We're also sometimes presented with what we consider "equity" scenarios rather than "credit" scenarios, in which sponsors present a case in which debt is fully repaid before maturity dates with no need to refinance, because assumptions with relatively strong power prices, high capacity prices and no upsizings envisioned; . However, over the past several years, no single TLB we rated was fully repaid with operating cash flows before maturity (though full repayments have occurred with refinancings or sponsors selling the assets for monetization purposes). Moreover, we typically see that after a few years of good financial performance and some deleveraging, or when interest rates are low, sponsors upsize the TLBs by refinancing the project, amending the existing loan, or requesting a waiver from lenders.

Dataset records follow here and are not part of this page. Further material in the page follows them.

lemma sender_util_le_certificate:
  assumes c: "certifies n u c"
  shows "sender_util n \<mu> \<pi> u \<le> (\<Sum>i\<in>{1..n}. \<mu> i * c i)"
proof -
  let ?A = "{s. adopts n u (posterior n \<mu> \<pi> s)}"
  have c_nonneg: "0 \<le> c i" if "i \<in> {1..n}" for i
    using c that unfolding certifies_def by auto
  have "emeasure \<nu> ?A = (\<integral>\<^sup>+s. indicator ?A s \<partial>\<nu>)"
    by (simp add: nn_integral_indicator sets_adopts)
  also have "\<dots> \<le> (\<integral>\<^sup>+s. (\<Sum>i\<in>{1..n}. ennreal (c i) * ennreal (posterior n \<mu> \<pi> s i)) \<partial>\<nu>)"
  proof (rule nn_integral_mono_AE)
    show "AE s in \<nu>. indicator ?A s \<le> (\<Sum>i\<in>{1..n}. ennreal (c i) * ennreal (posterior n \<mu> \<pi> s i))"
      using AE_posterior
    proof eventually_elim
      case (elim s)
      then have "(\<Sum>i\<in>{1..n}. ennreal (c i) * ennreal (posterior n \<mu> \<pi> s i))
          = ennreal (\<Sum>i\<in>{1..n}. posterior n \<mu> \<pi> s i * c i)"
        using c_nonneg by (subst sum_ennreal[symmetric])
          (auto intro!: sum.cong simp: prob_simplex_def ennreal_mult mult.commute)
      moreover have "s \<in> ?A \<Longrightarrow> 1 \<le> (\<Sum>i\<in>{1..n}. posterior n \<mu> \<pi> s i * c i)"
        using c elim unfolding certifies_def by auto
      ultimately show ?case
        by (auto split: split_indicator)
    qed
  qed
  also have "\<dots> = (\<Sum>i\<in>{1..n}. ennreal (c i) * ennreal (\<mu> i))"
    by (simp add: nn_integral_sum nn_integral_cmult nn_integral_posterior)
  also have "\<dots> = ennreal (\<Sum>i\<in>{1..n}. \<mu> i * c i)"
    using c_nonneg prior_pos by (subst sum_ennreal[symmetric])
      (auto intro!: sum.cong simp: ennreal_mult less_imp_le mult.commute)
  finally have "ennreal (signal.prob ?A) \<le> ennreal (\<Sum>i\<in>{1..n}. \<mu> i * c i)"
    by (simp add: signal.emeasure_eq_measure)
  moreover have "0 \<le> (\<Sum>i\<in>{1..n}. \<mu> i * c i)"
    using c_nonneg prior_pos by (meson sum_nonneg mult_nonneg_nonneg less_imp_le)
  ultimately show ?thesis
    unfolding sender_util_def by simp
qed

lemma sender_util_le_one: "sender_util n \<mu> \<pi> u \<le> 1"
  unfolding sender_util_def by (rule signal.prob_le_1)
definition crossed_module ::
  "('h, 'a) monoid_scheme \<Rightarrow> ('g, 'b) monoid_scheme \<Rightarrow> ('h \<Rightarrow> 'g) \<Rightarrow> ('g \<Rightarrow> 'h \<Rightarrow> 'h) \<Rightarrow> bool" where
  "crossed_module H G t Phi \<longleftrightarrow>
     group H \<and> group G \<and> t \<in> hom H G \<and> action_by_aut G H Phi \<and>
     (\<forall>p\<in>carrier H. \<forall>q\<in>carrier H.
        Phi (t p) q = p \<otimes>\<^bsub>H\<^esub> q \<otimes>\<^bsub>H\<^esub> inv\<^bsub>H\<^esub> p) \<and>
     (\<forall>a\<in>carrier G. \<forall>p\<in>carrier H.
        t (Phi a p) = a \<otimes>\<^bsub>G\<^esub> t p \<otimes>\<^bsub>G\<^esub> inv\<^bsub>G\<^esub> a)"

definition rota_baxter :: "('g, 'b) monoid_scheme \<Rightarrow> ('g \<Rightarrow> 'g) \<Rightarrow> bool" where
  "rota_baxter G B \<longleftrightarrow> B \<in> carrier G \<rightarrow> carrier G \<and>
     (\<forall>a\<in>carrier G. \<forall>b\<in>carrier G.
        B a \<otimes>\<^bsub>G\<^esub> B b = B (a \<otimes>\<^bsub>G\<^esub> B a \<otimes>\<^bsub>G\<^esub> b \<otimes>\<^bsub>G\<^esub> inv\<^bsub>G\<^esub> (B a)))"

definition rota_baxter_cm ::
  "('h, 'a) monoid_scheme \<Rightarrow> ('g, 'b) monoid_scheme \<Rightarrow> ('h \<Rightarrow> 'g) \<Rightarrow> ('g \<Rightarrow> 'h \<Rightarrow> 'h)
     \<Rightarrow> ('h \<Rightarrow> 'h) \<Rightarrow> ('g \<Rightarrow> 'g) \<Rightarrow> bool" where
  "rota_baxter_cm H G t Phi B1 B0 \<longleftrightarrow>
     rota_baxter H B1 \<and> rota_baxter G B0 \<and>
     (\<forall>p\<in>carrier H. t (B1 p) = B0 (t p)) \<and>
     (\<forall>a\<in>carrier G. \<forall>p\<in>carrier H.
        Phi (B0 a) (B1 p) =
          B1 (Phi (a \<otimes>\<^bsub>G\<^esub> B0 a) (p \<otimes>\<^bsub>H\<^esub> B1 p) \<otimes>\<^bsub>H\<^esub> inv\<^bsub>H\<^esub> (Phi (B0 a) (B1 p))))"

definition sdprod :: "('g, 'b) monoid_scheme \<Rightarrow> ('g \<times> 'g) monoid" where
  "sdprod G = \<lparr>carrier = carrier G \<times> carrier G,
     mult = (\<lambda>x y. (fst x \<otimes>\<^bsub>G\<^esub> fst y,
                    snd x \<otimes>\<^bsub>G\<^esub> fst x \<otimes>\<^bsub>G\<^esub> snd y \<otimes>\<^bsub>G\<^esub> inv\<^bsub>G\<^esub> (fst x))),
     one = (\<one>\<^bsub>G\<^esub>, \<one>\<^bsub>G\<^esub>)\<rparr>"

definition Phi_tilde ::
  "('h, 'a) monoid_scheme \<Rightarrow> ('g, 'b) monoid_scheme \<Rightarrow> ('g \<Rightarrow> 'h \<Rightarrow> 'h)
     \<Rightarrow> 'g \<times> 'g \<Rightarrow> 'h \<times> 'h \<Rightarrow> 'h \<times> 'h" where
  "Phi_tilde H G Phi x y =
     (Phi (fst x) (fst y),
      Phi (snd x \<otimes>\<^bsub>G\<^esub> fst x) (snd y \<otimes>\<^bsub>H\<^esub> fst y) \<otimes>\<^bsub>H\<^esub> inv\<^bsub>H\<^esub> (Phi (fst x) (fst y)))"

definition tt :: "('h \<Rightarrow> 'g) \<Rightarrow> 'h \<times> 'h \<Rightarrow> 'g \<times> 'g" where
  "tt t x = (t (fst x), t (snd x))"

definition graph_op :: "('g, 'b) monoid_scheme \<Rightarrow> ('g \<Rightarrow> 'g) \<Rightarrow> ('g \<times> 'g) set" where
  "graph_op G B = (\<lambda>a. (B a, a)) ` carrier G"

end

theory Submission
  imports Defs
begin

text \<open>The graph of \<open>B\<close> is closed under the product of \<open>G \<ltimes> G\<close> exactly when \<open>B\<close> satisfies the
Rota-Baxter identity: \<open>(B a, a)(B b, b) = (B a B b, a B a b (B a)\<^sup>-\<^sup>1)\<close>. Likewise the compatibility
conditions (ii) and (iii) say precisely that \<open>(t,t)\<close> maps \<open>Gr(B\<^sub>1)\<close> into \<open>Gr(B\<^sub>0)\<close> and that
\<open>\<tilde>\<Phi>\<close> maps \<open>Gr(B\<^sub>0) \<times> Gr(B\<^sub>1)\<close> into \<open>Gr(B\<^sub>1)\<close>. The remaining structure is then inherited: any pair of
subgroups of a crossed module that is stable under the boundary map and the action is again a
crossed module, and \<open>(H \<ltimes> H, G \<ltimes> G, (t,t), \<tilde>\<Phi>)\<close> is a crossed module.\<close>

lemma (in group) inv_mult_cancel_left [simp]:
  "a \<in> carrier G \<Longrightarrow> x \<in> carrier G \<Longrightarrow> inv a \<otimes> (a \<otimes> x) = x"
  by (simp add: m_assoc[symmetric])

lemma (in group) mult_inv_cancel_left [simp]:
  "a \<in> carrier G \<Longrightarrow> x \<in> carrier G \<Longrightarrow> a \<otimes> (inv a \<otimes> x) = x"
  by (simp add: m_assoc[symmetric])

lemma sdprod_carrier [simp]: "carrier (sdprod G) = carrier G \<times> carrier G"
  by (simp add: sdprod_def)

lemma sdprod_mult [simp]:
  "(a, b) \<otimes>\<^bsub>sdprod G\<^esub> (c, d) = (a \<otimes>\<^bsub>G\<^esub> c, b \<otimes>\<^bsub>G\<^esub> a \<otimes>\<^bsub>G\<^esub> d \<otimes>\<^bsub>G\<^esub> inv\<^bsub>G\<^esub> a)"
  by (simp add: sdprod_def)

lemma sdprod_one [simp]: "\<one>\<^bsub>sdprod G\<^esub> = (\<one>\<^bsub>G\<^esub>, \<one>\<^bsub>G\<^esub>)"
  by (simp add: sdprod_def)

lemma group_sdprod:
  assumes "group G"
  shows "group (sdprod G)"
proof -
  interpret G: group G by fact
  show ?thesis
  proof (rule groupI)
    fix x y z
    assume "x \<in> carrier (sdprod G)" "y \<in> carrier (sdprod G)" "z \<in> carrier (sdprod G)"
    then show "x \<otimes>\<^bsub>sdprod G\<^esub> y \<otimes>\<^bsub>sdprod G\<^esub> z = x \<otimes>\<^bsub>sdprod G\<^esub> (y \<otimes>\<^bsub>sdprod G\<^esub> z)"
      by (cases x, cases y, cases z) (simp add: G.m_assoc G.inv_mult_group)
  next
    fix x
    assume "x \<in> carrier (sdprod G)"
    then obtain a b where x: "x = (a, b)" "a \<in> carrier G" "b \<in> carrier G" by auto
    show "\<exists>y\<in>carrier (sdprod G). y \<otimes>\<^bsub>sdprod G\<^esub> x = \<one>\<^bsub>sdprod G\<^esub>"
      by (rule bexI[of _ "(inv\<^bsub>G\<^esub> a, inv\<^bsub>G\<^esub> a \<otimes>\<^bsub>G\<^esub> inv\<^bsub>G\<^esub> b \<otimes>\<^bsub>G\<^esub> a)"])
        (use x in \<open>simp_all add: G.m_assoc\<close>)
  qed auto
qed

lemma sdprod_inv:
  assumes "group G" "a \<in> carrier G" "b \<in> carrier G"
  shows "inv\<^bsub>sdprod G\<^esub> (a, b) = (inv\<^bsub>G\<^esub> a, inv\<^bsub>G\<^esub> a \<otimes>\<^bsub>G\<^esub> inv\<^bsub>G\<^esub> b \<otimes>\<^bsub>G\<^esub> a)"
proof -
  interpret G: group G by fact
  interpret S: group "sdprod G" using assms(1) by (rule group_sdprod)
  show ?thesis
    by (rule S.inv_equality) (use assms in \<open>simp_all add: G.m_assoc\<close>)
qed

lemma graph_op_iff: "(x, a) \<in> graph_op G B \<longleftrightarrow> a \<in> carrier G \<and> x = B a"
  by (auto simp: graph_op_def)

lemma graph_op_subset:
  "B \<in> carrier G \<rightarrow> carrier G \<Longrightarrow> graph_op G B \<subseteq> carrier (sdprod G)"
  by (auto simp: graph_op_def)

lemma rota_baxter_one:
  assumes "group G" "rota_baxter G B"
  shows "B \<one>\<^bsub>G\<^esub> = \<one>\<^bsub>G\<^esub>"
proof -
  interpret G: group G by fact
  have B1: "B \<one>\<^bsub>G\<^esub> \<in> carrier G" using assms(2) by (auto simp: rota_baxter_def)
  have "B \<one>\<^bsub>G\<^esub> \<otimes>\<^bsub>G\<^esub> B \<one>\<^bsub>G\<^esub> = B \<one>\<^bsub>G\<^esub> \<otimes>\<^bsub>G\<^esub> \<one>\<^bsub>G\<^esub>"
    using assms(2) B1 by (auto simp: rota_baxter_def)
  then show ?thesis using B1 by simp
qed

text \<open>The inverse of \<open>(B a, a)\<close> in \<open>G \<ltimes> G\<close> is \<open>(B c, c)\<close> for \<open>c = (B a)\<^sup>-\<^sup>1 a\<^sup>-\<^sup>1 B a\<close>, because the
Rota-Baxter identity for \<open>a\<close> and \<open>c\<close> reads \<open>B a B c = B \<one>\<close>.\<close>

lemma rota_baxter_graph_inv:
  assumes "group G" "rota_baxter G B" "a \<in> carrier G"
  shows "inv\<^bsub>sdprod G\<^esub> (B a, a) \<in> graph_op G B"
proof -
  interpret G: group G by fact
  have Bc: "\<And>x. x \<in> carrier G \<Longrightarrow> B x \<in> carrier G" using assms(2) by (auto simp: rota_baxter_def)
  define c where "c = inv\<^bsub>G\<^esub> B a \<otimes>\<^bsub>G\<^esub> inv\<^bsub>G\<^esub> a \<otimes>\<^bsub>G\<^esub> B a"
  have c: "c \<in> carrier G" using assms(3) Bc by (simp add: c_def)
  have "B a \<otimes>\<^bsub>G\<^esub> B c = B (a \<otimes>\<^bsub>G\<^esub> B a \<otimes>\<^bsub>G\<^esub> c \<otimes>\<^bsub>G\<^esub> inv\<^bsub>G\<^esub> B a)"
    using assms(2,3) c by (simp add: rota_baxter_def)
  also have "\<dots> = \<one>\<^bsub>G\<^esub>"
    using assms Bc rota_baxter_one[OF assms(1,2)] by (simp add: c_def G.m_assoc)
  finally have "B c = inv\<^bsub>G\<^esub> B a"
    using Bc assms(3) c by (metis G.inv_equality G.inv_inv G.inv_closed)
  then have "inv\<^bsub>sdprod G\<^esub> (B a, a) = (B c, c)"
    using assms Bc by (simp add: sdprod_inv c_def)
  then show ?thesis using c by (simp add: graph_op_iff)
qed

lemma subgroup_graph_op_iff:
  assumes "group G" "B \<in> carrier G \<rightarrow> carrier G"
  shows "subgroup (graph_op G B) (sdprod G) \<longleftrightarrow> rota_baxter G B"
proof
  assume sg: "subgroup (graph_op G B) (sdprod G)"
  have "B a \<otimes>\<^bsub>G\<^esub> B b = B (a \<otimes>\<^bsub>G\<^esub> B a \<otimes>\<^bsub>G\<^esub> b \<otimes>\<^bsub>G\<^esub> inv\<^bsub>G\<^esub> B a)"
    if "a \<in> carrier G" "b \<in> carrier G" for a b
  proof -
    have "(B a, a) \<otimes>\<^bsub>sdprod G\<^esub> (B b, b) \<in> graph_op G B"
      using that by (intro subgroup.m_closed[OF sg]) (simp_all add: graph_op_iff)
    then show ?thesis by (simp add: graph_op_iff)
  qed
  then show "rota_baxter G B" using assms(2) by (simp add: rota_baxter_def)
next
  assume rb: "rota_baxter G B"
  interpret G: group G by fact
  interpret S: group "sdprod G" using assms(1) by (rule group_sdprod)
  show "subgroup (graph_op G B) (sdprod G)"
  proof (rule S.subgroupI)
    show "graph_op G B \<subseteq> carrier (sdprod G)" using assms(2) by (rule graph_op_subset)
    show "graph_op G B \<noteq> {}" using group.is_monoid[OF assms(1)] by (auto simp: graph_op_def)
  next
    fix x
    assume "x \<in> graph_op G B"
    then show "inv\<^bsub>sdprod G\<^esub> x \<in> graph_op G B"
      using rota_baxter_graph_inv[OF assms(1) rb] by (auto simp: graph_op_def)
  next
    fix x y
    assume "x \<in> graph_op G B" "y \<in> graph_op G B"
    then obtain a b where "x = (B a, a)" "y = (B b, b)" "a \<in> carrier G" "b \<in> carrier G"
      by (auto simp: graph_op_def)
    then show "x \<otimes>\<^bsub>sdprod G\<^esub> y \<in> graph_op G B"
      using rb assms(2) by (auto simp: graph_op_iff rota_baxter_def Pi_iff)
  qed
qed

lemma action_by_autI:
  assumes "group G"
    and hom: "\<And>a. a \<in> carrier G \<Longrightarrow> Phi a \<in> hom H H"
    and one: "\<And>p. p \<in> carrier H \<Longrightarrow> Phi \<one>\<^bsub>G\<^esub> p = p"
    and comp: "\<And>a b p. a \<in> carrier G \<Longrightarrow> b \<in> carrier G \<Longrightarrow> p \<in> carrier H \<Longrightarrow>
                 Phi (a \<otimes>\<^bsub>G\<^esub> b) p = Phi a (Phi b p)"
  shows "action_by_aut G H Phi"
proof -
  interpret G: group G by fact
  have closed: "Phi a p \<in> carrier H" if "a \<in> carrier G" "p \<in> carrier H" for a p
    using hom[OF that(1)] that(2) by (auto simp: hom_def)
  have cancel: "Phi (inv\<^bsub>G\<^esub> a) (Phi a p) = p" if "a \<in> carrier G" "p \<in> carrier H" for a p
    using comp[of "inv\<^bsub>G\<^esub> a" a p] one that by simp
  have "bij_betw (Phi a) (carrier H) (carrier H)" if "a \<in> carrier G" for a
    using that G.inv_inv[OF that] cancel[of "inv\<^bsub>G\<^esub> a"]
    by (intro bij_betw_byWitness[where f' = "Phi (inv\<^bsub>G\<^esub> a)"])
       (auto simp: cancel closed)
  then show ?thesis using hom comp by (simp add: action_by_aut_def)
qed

Similar to the ability to reject cash flow sweeps, lenders often take a more benign view of market volatility and accept an upsizing of the transaction in the midst of the seven-year term. We see this more often for transactions were lenders have greater comfort with the estimated loan to value ratio. .
While upsizing loans for distributions are by definition negative for credit quality because they add debt to a transaction without adding any operating cash flow (which is different from upsizings whereby the project uses proceeds to make an asset more efficient or extend its life), most of the transactions include covenants that limit additional debt. Nevertheless, sponsors find ways to get distributions from the project structure by fully refinancing (even though it may result in a downgrade), requesting waivers from lenders, or maintaining the rating despite upside rating potential due to deleveraging in the past years.
Some examples of prioritization of equity over debt that resulted in rating actions or recovery or outlook revisions include:
- Invenergy Thermal Operating I: The project issued a $350 million TLB in 2018 and then upsized by $75 million in August 2019 after lenders approved an amendment to the financial documents. We affirmed the 'BB' issue-level rating with a stable outlook although the project had a lower financial cushion following the close of the transaction. In October 2023, the project changed its portfolio composition and fully refinanced again, which included a $37 million distribution to sponsors. We then downgraded the project to 'BB-' with a stable outlook, given the increase in leverage and uncertain market conditions, as well as weak capacity prices in the PJM market.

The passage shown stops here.